Exact solution of inflationary model with minimum length

TL;DR

This paper derives exact solutions for inflationary modes considering a minimal length scale, linking quantum gravity effects to observable CMB predictions and revealing novel insights into the emergence of quantum field degrees of freedom from Planck-scale physics.

Contribution

It provides the first exact mode solutions in an inflationary model with a minimal length, improving understanding of quantum gravity effects on inflationary predictions.

Findings

Exact mode solutions for de Sitter and power-law inflation models.

Explicit mapping from initial quantum conditions to CMB observables.

Insights into the emergence of QFT degrees of freedom from Planck-scale physics.

Abstract

Within the inflationary scenario, Planck scale physics should have affected the comoving modes' initial conditions and early evolution, thereby potentially affecting the inflationary predictions for the cosmic microwave background (CMB). This issue has been studied extensively on the basis of various models for how quantum field theory (QFT) is modified and finally breaks down towards the Planck scale.

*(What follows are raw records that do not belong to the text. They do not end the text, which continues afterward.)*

lemma a5_eq_a1: "a5 = a1"
proof -
  have "(a1 - a5)*(4*a1 + 4*a5 + 6*a3) = 0" using d2_11_22_reduced a4_zero by algebra
  moreover have "4*a1 + 4*a5 + 6*a3 \<noteq> 0"
  proof
    assume A: "4*a1 + 4*a5 + 6*a3 = 0"
    have "5*a5*b1 = 0" using d2_13_reduced a4_zero A by algebra
    have "5*a1*b2 = 0" using d2_23_reduced a4_zero A by algebra
    then have "b2 = 0" using equator_nonzero by simp
    then have b1_sq: "18*b1^2 = -(8*a1^2 + 34*a1*a5 + 8*a5^2)" using d2_11_33_reduced a4_zero A by algebra
    have "b1 = 0"
    proof (rule ccontr)
      assume "b1 \<noteq> 0"
      then have "a5 = 0" using \<open>5*a5*b1 = 0\<close> by simp
      then have "18*b1^2 + 8*a1^2 = 0" using b1_sq by simp
      then have "a1^2 \<le> 0" using zero_le_power2[of b1] by linarith
      then show False using equator_nonzero by simp
    qed
    then have "(4*a1 + a5)*(2*a1 + 8*a5) = 0" using b1_sq by algebra
    then consider "a5 = -4*a1" | "a1 = -4*a5" by force
    then show False
    proof cases
      case 1
      moreover have "a3 = 2*a1" using A 1 by simp
      ultimately have "(-4*a1)^2 \<le> a1^2" using max_sphere[of 0 1 0] by (simp add: harmonic_quartic_def)
      then have "a1^2 \<le> 0" by (simp add: power_mult_distrib)
      then show False using equator_nonzero by simp
    next
      case 2
      moreover have "a3 = 2*a5" using A 2 by simp
      ultimately have "(-4*a5)^2 \<le> a5^2" using max_sphere[of 1 0 0] by (simp add: harmonic_quartic_def)
      then have "a5^2 \<le> 0" by (simp add: power_mult_distrib)
      then show False using equator_nonzero 2 by simp
    qed
  qed
  ultimately show ?thesis by simp
qed

lemma a1_ne_3a3: "a1 \<noteq> 3*a3"
proof
  assume h: "a1 = 3*a3"
  have b_sq: "b1^2 + b2^2 = 50*a3^2" using d2_11_33_reduced a4_zero a5_eq_a1 h by algebra
  have "f 1 0 1 = -13*a3 + 4*b1" "f (-1) 0 1 = -13*a3 - 4*b1"
    "f 0 (-1) 1 = -13*a3 + 4*b2" "f 0 1 1 = -13*a3 - 4*b2"
    unfolding reduced_quartic using h a4_zero a5_eq_a1 by simp_all
  moreover have "(f x y z)^2 \<le> (32*a3)^2" if "x^2 + y^2 + z^2 = 2" for x y z
  proof -
    have "(a1 + 2*a3 + a5)^2 * (x^2 + y^2 + z^2)^4 = (32*a3)^2"
      using h a5_eq_a1 that by (simp add: power2_eq_square)
    then show ?thesis using max_sphere[of x y z] by simp
  qed
  ultimately have b1_bounds: "(-13*a3 + 4*b1)^2 \<le> (32*a3)^2" "(-13*a3 - 4*b1)^2 \<le> (32*a3)^2"
    and b2_bounds: "(-13*a3 + 4*b2)^2 \<le> (32*a3)^2" "(-13*a3 - 4*b2)^2 \<le> (32*a3)^2"
    by (metis one_power2 power2_minus zero_power2 add_0 add_0_right one_add_one)+
  have "\<bar>-13*a3\<bar> + \<bar>4*b1\<bar> \<le> \<bar>32*a3\<bar>" "\<bar>-13*a3\<bar> + \<bar>4*b2\<bar> \<le> \<bar>32*a3\<bar>"
    using abs_add_abs_le_of_sq_le b1_bounds b2_bounds by blast+
  then have "\<bar>4*b1\<bar> \<le> \<bar>19*a3\<bar>" "\<bar>4*b2\<bar> \<le> \<bar>19*a3\<bar>" by (simp_all add: abs_mult)
  then have "16*b1^2 \<le> 361*a3^2" "16*b2^2 \<le> 361*a3^2" by (simp_all add: abs_le_square_iff power_mult_distrib)
  then have "a3^2 \<le> 0" using b_sq by linarith
  then show False using h equator_nonzero by simp
qed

In one model, in particular, an ultraviolet cutoff was implemented into QFT through generalized uncertainty relations which have been motivated from general quantum gravity arguments and from string theory. Here, we improve upon prior numerical and semi-analytical results by presenting the exact mode solutions for both de Sitter and power-law inflation in this model. This provides an explicit map from the modes' initial conditions, which are presumably set by quantum gravity, to the modes' amplitudes at horizon crossing and thus to the inflationary predictions for the CMB. The solutions' particular behaviour close to the cutoff scale suggests unexpected possibilities for how the degrees of freedom of QFT emerge from the Planck scale.